The big are getting bigger. After analyzing the major operators’ earnings data for Q2, Synergy Research Group reports that Amazon Web Services, Microsoft, IBM and Google together own well over half of the worldwide cloud infrastructure service market. Their combined share rose to 54 percent in the latest quarter compared with 46 percent in Q2 2014 and 41 percent in Q2 2013, while their year-on-year revenue growth rate averaged 84 percent in Q2. The rest of the market grew earnings by only 33 percent. AWS is by far the top dog, with 29 percent market share. As for hard dollars, quarterly cloud infrastructure service revenues (including IaaS, PaaS and private and hybrid cloud) are now approaching $6 billion, said Synergy in a statement, the bulk of that in North America.

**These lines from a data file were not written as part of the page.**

lemma uncountable_cof_not_subset_countable_UNION:
  assumes cof: "uncountable_cof A" and "countable I" and small: "\<And>i. i \<in> I \<Longrightarrow> |P i| <o |A|"
  shows "\<not> A \<subseteq> (\<Union>i\<in>I. P i)"
proof
  \<comment> \<open>Each P i is no larger than the initial segment below some b i; the countably many b i
    have a common upper bound a, so A, a countable union of sets no larger than the proper
    initial segment below a, is either countable or smaller than itself.\<close>
  assume A_sub: "A \<subseteq> (\<Union>i\<in>I. P i)"
  have "\<forall>i\<in>I. \<exists>b. b \<in> A \<and> |P i| \<le>o |underS (card_of A) b|"
    using small card_of_ordLess_underS by blast
  from bchoice[OF this] obtain b
    where b: "\<forall>i\<in>I. b i \<in> A \<and> |P i| \<le>o |underS (card_of A) (b i)|" ..
  have "countable (b ` I)" and "b ` I \<subseteq> A" using \<open>countable I\<close> b by auto
  then obtain a where a: "a \<in> A" and "\<And>x. x \<in> b ` I \<Longrightarrow> (x, a) \<in> |A|"
    using uncountable_cof_countable_bounded[OF cof] by blast
  then have b_a: "(b i, a) \<in> |A|" if "i \<in> I" for i using that by blast
  define S where "S = underS (card_of A) a"
  have P_S: "|P i| \<le>o |S|" if "i \<in> I" for i
  proof -
    have "underS (card_of A) (b i) \<subseteq> S"
      unfolding S_def
      using wo_rel.TRANS[OF Card_order_wo_rel[OF card_of_Card_order[of A]]]
        wo_rel.ANTISYM[OF Card_order_wo_rel[OF card_of_Card_order[of A]]]
      by (rule underS_incr[OF _ _ b_a[OF that]])
    with b that show ?thesis using ordLeq_transitive card_of_mono1 by blast
  qed
  show False
  proof (cases "finite S")
    case True
    then have "finite (P i)" if "i \<in> I" for i
      using P_S[OF that] card_of_ordLeq_finite by blast
    then have "countable (\<Union>i\<in>I. P i)"
      using \<open>countable I\<close> by (intro countable_UN) (auto intro: countable_finite)
    then have "countable A" using A_sub countable_subset by blast
    then show False using uncountable_cof_imp_uncountable[OF cof] by blast
  next
    case False
    have "|I| \<le>o |UNIV :: nat set|" using \<open>countable I\<close> by (simp only: countable_card_of_nat)
    also have "|UNIV :: nat set| \<le>o |S|" using False by (simp only: infinite_iff_card_of_nat)
    finally have "|\<Union>i\<in>I. P i| \<le>o |S|"
      using P_S by (intro card_of_UNION_ordLeq_infinite[OF False]) auto
    then have "|A| \<le>o |S|" using card_of_mono1[OF A_sub] ordLeq_transitive by blast
    moreover have "|S| <o |A|"
      unfolding S_def using card_of_underS[OF card_of_Card_order, of a A] a
      by (simp only: Field_card_of)
    ultimately show False using not_ordLess_ordLeq by blast
  qed
qed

Can smaller players compete, or is it better to simply build services on top of these clouds? That’s a theme we’ll explore in depth at next month’s Cloud Partners show, including a concurrent education session called “Dancing With Elephants: Partnering With Google and Amazon.” Mike Healey, president of Yeoman Technology Group, will discuss best practices for incorporating services from these titans into an overall cloud and service portfolio in a way that benefits both customers and your bottom line. Underscoring that message, John Dinsdale, a chief analyst and research director at Synergy, has a warning for those contemplating a new cloud data center build.
“Developing the necessary global hyperscale data center infrastructure along with the required marketing and operations support is simply beyond the reach of all but a very small number of players,” said Dinsdale in a statement. “This is not going to change. The good news for the plethora of small-to-medium-sized cloud providers is that there does remain a wealth of opportunity for those that are focused on specific market niches or local geographic areas.”